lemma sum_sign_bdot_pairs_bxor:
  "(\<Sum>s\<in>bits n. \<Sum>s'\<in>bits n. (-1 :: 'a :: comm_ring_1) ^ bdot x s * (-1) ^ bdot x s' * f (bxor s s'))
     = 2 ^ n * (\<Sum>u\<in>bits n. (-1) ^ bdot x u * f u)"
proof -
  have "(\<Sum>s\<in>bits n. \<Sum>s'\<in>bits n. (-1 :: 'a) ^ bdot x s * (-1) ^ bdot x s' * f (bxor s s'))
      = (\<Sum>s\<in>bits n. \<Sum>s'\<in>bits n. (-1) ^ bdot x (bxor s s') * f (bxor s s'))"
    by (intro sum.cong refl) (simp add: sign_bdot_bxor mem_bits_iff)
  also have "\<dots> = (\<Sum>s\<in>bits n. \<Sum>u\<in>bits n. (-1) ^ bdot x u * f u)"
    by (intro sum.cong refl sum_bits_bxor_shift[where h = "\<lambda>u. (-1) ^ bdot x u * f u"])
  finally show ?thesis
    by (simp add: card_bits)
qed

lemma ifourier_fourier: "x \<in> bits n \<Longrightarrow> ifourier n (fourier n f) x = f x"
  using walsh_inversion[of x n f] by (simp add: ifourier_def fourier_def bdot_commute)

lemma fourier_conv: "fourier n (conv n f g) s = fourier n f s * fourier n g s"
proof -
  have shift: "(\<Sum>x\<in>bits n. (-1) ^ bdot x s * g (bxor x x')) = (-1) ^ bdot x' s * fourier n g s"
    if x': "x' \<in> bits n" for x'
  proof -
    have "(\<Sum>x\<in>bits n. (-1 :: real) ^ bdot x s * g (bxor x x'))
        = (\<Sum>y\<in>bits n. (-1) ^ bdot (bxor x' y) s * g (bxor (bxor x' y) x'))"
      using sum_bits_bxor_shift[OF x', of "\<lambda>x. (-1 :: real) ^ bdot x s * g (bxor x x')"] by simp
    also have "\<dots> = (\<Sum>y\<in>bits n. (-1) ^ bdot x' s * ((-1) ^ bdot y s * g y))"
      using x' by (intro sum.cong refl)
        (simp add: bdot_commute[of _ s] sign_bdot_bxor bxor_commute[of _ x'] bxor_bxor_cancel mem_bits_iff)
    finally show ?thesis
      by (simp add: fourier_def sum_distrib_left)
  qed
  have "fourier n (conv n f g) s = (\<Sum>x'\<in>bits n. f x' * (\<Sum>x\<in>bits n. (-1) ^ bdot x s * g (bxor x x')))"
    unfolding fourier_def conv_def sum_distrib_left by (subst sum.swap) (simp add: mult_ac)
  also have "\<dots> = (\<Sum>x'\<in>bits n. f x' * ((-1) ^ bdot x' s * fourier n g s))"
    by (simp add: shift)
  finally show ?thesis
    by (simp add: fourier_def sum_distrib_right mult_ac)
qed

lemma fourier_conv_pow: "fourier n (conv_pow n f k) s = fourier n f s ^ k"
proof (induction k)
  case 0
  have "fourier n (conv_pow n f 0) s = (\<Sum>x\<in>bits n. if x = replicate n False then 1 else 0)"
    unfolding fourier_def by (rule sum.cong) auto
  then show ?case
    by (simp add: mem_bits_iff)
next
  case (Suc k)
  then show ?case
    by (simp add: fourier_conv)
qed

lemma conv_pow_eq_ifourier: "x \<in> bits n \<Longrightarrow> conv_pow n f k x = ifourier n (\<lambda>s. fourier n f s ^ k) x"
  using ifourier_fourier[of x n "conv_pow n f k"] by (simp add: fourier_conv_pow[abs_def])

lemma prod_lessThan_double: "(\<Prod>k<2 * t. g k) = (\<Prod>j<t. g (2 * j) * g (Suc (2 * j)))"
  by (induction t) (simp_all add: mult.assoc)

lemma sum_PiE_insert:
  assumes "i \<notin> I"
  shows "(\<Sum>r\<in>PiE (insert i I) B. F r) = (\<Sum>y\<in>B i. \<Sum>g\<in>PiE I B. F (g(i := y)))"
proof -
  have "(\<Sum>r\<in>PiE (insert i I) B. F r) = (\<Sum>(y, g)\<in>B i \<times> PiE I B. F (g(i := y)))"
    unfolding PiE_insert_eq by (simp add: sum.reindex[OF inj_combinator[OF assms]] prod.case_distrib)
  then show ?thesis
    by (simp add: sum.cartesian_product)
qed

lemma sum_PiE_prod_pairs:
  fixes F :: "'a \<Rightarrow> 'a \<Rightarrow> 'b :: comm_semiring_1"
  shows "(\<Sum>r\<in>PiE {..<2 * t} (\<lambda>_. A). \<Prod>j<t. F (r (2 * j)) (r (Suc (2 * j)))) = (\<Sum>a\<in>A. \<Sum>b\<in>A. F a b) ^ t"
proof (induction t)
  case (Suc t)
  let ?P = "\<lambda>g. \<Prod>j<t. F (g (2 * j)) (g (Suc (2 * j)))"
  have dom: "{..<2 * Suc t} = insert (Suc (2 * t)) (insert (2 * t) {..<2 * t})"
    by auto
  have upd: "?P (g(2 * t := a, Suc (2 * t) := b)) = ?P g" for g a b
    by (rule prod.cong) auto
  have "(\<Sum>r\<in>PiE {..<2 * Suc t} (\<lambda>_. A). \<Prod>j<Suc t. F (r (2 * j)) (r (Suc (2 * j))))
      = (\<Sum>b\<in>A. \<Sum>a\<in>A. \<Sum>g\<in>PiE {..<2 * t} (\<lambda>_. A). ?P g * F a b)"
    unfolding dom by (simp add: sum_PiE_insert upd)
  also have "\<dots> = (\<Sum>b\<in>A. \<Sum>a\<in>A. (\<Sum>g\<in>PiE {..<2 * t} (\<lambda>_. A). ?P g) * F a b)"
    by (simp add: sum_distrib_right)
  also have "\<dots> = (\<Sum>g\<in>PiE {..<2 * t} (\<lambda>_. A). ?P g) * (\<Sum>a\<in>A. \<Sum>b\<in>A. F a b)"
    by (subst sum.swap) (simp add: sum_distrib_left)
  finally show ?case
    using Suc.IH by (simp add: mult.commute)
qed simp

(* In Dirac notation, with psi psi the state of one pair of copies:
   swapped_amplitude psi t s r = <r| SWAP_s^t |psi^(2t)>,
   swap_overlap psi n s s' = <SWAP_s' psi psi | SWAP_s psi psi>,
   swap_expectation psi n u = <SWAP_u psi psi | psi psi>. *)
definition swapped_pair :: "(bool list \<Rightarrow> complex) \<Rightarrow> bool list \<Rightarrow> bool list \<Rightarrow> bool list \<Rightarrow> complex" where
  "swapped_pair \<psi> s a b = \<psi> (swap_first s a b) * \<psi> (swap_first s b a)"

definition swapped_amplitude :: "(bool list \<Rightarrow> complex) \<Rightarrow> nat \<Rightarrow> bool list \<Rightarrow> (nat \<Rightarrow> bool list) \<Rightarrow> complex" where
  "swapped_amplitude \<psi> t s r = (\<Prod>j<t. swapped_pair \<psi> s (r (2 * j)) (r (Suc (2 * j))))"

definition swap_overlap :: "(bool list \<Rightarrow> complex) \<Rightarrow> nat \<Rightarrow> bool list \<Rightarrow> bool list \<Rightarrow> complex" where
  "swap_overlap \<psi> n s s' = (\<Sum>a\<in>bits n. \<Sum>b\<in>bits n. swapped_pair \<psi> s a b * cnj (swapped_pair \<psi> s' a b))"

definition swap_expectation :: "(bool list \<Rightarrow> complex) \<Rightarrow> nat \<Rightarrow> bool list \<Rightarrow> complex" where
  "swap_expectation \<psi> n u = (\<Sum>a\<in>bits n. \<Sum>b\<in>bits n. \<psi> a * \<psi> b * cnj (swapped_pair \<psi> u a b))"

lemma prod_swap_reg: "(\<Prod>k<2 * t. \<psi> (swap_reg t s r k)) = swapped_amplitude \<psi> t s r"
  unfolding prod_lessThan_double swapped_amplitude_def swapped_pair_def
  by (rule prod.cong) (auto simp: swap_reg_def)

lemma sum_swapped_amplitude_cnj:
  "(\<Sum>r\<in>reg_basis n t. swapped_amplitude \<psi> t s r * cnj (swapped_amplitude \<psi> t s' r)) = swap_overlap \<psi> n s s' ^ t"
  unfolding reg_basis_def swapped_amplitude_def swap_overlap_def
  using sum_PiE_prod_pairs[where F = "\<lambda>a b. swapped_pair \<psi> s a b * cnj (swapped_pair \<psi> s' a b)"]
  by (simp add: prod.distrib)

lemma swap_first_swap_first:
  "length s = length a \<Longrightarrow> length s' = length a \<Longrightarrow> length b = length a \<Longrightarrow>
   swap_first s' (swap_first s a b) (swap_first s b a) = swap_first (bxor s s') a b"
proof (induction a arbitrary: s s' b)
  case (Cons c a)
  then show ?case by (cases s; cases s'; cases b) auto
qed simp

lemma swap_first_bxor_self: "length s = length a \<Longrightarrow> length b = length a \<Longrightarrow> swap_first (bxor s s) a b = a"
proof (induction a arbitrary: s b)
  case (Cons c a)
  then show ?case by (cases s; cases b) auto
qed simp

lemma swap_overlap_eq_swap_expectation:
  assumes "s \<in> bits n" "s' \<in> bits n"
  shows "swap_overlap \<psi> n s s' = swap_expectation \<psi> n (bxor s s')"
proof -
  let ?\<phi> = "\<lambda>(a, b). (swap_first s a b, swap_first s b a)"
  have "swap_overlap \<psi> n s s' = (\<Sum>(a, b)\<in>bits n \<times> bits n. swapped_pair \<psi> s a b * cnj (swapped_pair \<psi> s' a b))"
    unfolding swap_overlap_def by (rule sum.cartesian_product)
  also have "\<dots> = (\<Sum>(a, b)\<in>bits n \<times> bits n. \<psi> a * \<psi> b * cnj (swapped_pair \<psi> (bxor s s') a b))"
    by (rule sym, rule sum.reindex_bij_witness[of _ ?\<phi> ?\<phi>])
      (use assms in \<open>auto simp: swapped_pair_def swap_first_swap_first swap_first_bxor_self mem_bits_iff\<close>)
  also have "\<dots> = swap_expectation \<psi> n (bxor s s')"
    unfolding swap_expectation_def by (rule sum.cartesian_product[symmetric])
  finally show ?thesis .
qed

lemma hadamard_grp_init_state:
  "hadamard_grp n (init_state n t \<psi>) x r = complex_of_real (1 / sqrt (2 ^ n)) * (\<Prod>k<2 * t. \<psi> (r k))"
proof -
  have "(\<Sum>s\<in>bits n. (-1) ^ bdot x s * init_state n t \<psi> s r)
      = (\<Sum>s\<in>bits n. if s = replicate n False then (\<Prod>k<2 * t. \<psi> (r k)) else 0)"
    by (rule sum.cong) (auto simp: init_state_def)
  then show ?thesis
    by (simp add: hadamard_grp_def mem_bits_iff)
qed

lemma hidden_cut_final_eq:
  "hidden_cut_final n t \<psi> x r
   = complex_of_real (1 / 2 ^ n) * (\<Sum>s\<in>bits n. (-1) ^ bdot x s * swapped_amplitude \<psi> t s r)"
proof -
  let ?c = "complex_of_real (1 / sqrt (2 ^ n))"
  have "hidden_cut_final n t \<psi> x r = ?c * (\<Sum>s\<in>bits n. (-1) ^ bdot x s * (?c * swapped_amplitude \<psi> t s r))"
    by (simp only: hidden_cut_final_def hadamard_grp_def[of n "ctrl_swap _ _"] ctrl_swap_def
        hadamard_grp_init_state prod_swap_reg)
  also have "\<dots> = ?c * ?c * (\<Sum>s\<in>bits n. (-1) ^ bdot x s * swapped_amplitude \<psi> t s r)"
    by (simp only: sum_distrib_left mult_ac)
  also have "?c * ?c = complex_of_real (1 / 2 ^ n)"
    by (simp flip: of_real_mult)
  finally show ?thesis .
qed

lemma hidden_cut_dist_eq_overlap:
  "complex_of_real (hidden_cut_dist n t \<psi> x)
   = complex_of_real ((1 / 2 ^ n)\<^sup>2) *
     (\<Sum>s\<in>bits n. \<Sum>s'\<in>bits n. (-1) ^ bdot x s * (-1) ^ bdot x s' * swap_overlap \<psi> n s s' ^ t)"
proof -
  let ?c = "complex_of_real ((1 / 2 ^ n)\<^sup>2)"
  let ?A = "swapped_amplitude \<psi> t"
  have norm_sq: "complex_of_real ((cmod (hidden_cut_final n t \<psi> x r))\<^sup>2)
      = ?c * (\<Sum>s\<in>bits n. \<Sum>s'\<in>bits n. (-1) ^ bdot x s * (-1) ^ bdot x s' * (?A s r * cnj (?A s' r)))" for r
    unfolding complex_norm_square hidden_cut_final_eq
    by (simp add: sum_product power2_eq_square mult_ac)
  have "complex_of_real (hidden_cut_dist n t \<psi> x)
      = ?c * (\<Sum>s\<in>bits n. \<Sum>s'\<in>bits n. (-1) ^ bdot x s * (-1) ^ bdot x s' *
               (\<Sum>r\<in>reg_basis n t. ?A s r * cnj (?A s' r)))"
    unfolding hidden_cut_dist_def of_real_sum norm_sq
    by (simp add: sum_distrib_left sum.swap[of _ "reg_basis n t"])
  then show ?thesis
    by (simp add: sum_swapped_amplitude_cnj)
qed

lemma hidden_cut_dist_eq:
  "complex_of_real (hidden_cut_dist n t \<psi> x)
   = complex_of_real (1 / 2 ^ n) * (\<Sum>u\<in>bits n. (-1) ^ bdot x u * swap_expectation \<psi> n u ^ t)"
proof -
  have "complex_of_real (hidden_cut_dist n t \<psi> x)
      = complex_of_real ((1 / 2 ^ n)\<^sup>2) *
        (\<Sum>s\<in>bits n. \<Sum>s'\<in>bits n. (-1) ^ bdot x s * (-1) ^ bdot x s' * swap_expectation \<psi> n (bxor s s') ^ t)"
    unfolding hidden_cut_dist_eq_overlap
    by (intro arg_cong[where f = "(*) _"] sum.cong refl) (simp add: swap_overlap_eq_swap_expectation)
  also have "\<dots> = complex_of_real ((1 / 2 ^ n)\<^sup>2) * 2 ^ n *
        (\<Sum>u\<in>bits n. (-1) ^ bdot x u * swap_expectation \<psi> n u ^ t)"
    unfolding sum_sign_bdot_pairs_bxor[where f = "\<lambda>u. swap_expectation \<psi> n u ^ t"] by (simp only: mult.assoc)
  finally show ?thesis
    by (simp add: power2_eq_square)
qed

-.-.-

## [WHAT THE TASK ASKS]
Only the lines above from the one with "t \<psi> x r))\<^sup>2)" up to and including the one with "bdot x s' * (?A" should be repeated, exactly as written.

## [SOLVED PROBLEM]
  have norm_sq: "complex_of_real ((cmod (hidden_cut_final n t \<psi> x r))\<^sup>2)
      = ?c * (\<Sum>s\<in>bits n. \<Sum>s'\<in>bits n. (-1) ^ bdot x s * (-1) ^ bdot x s' * (?A s r * cnj (?A s' r)))" for r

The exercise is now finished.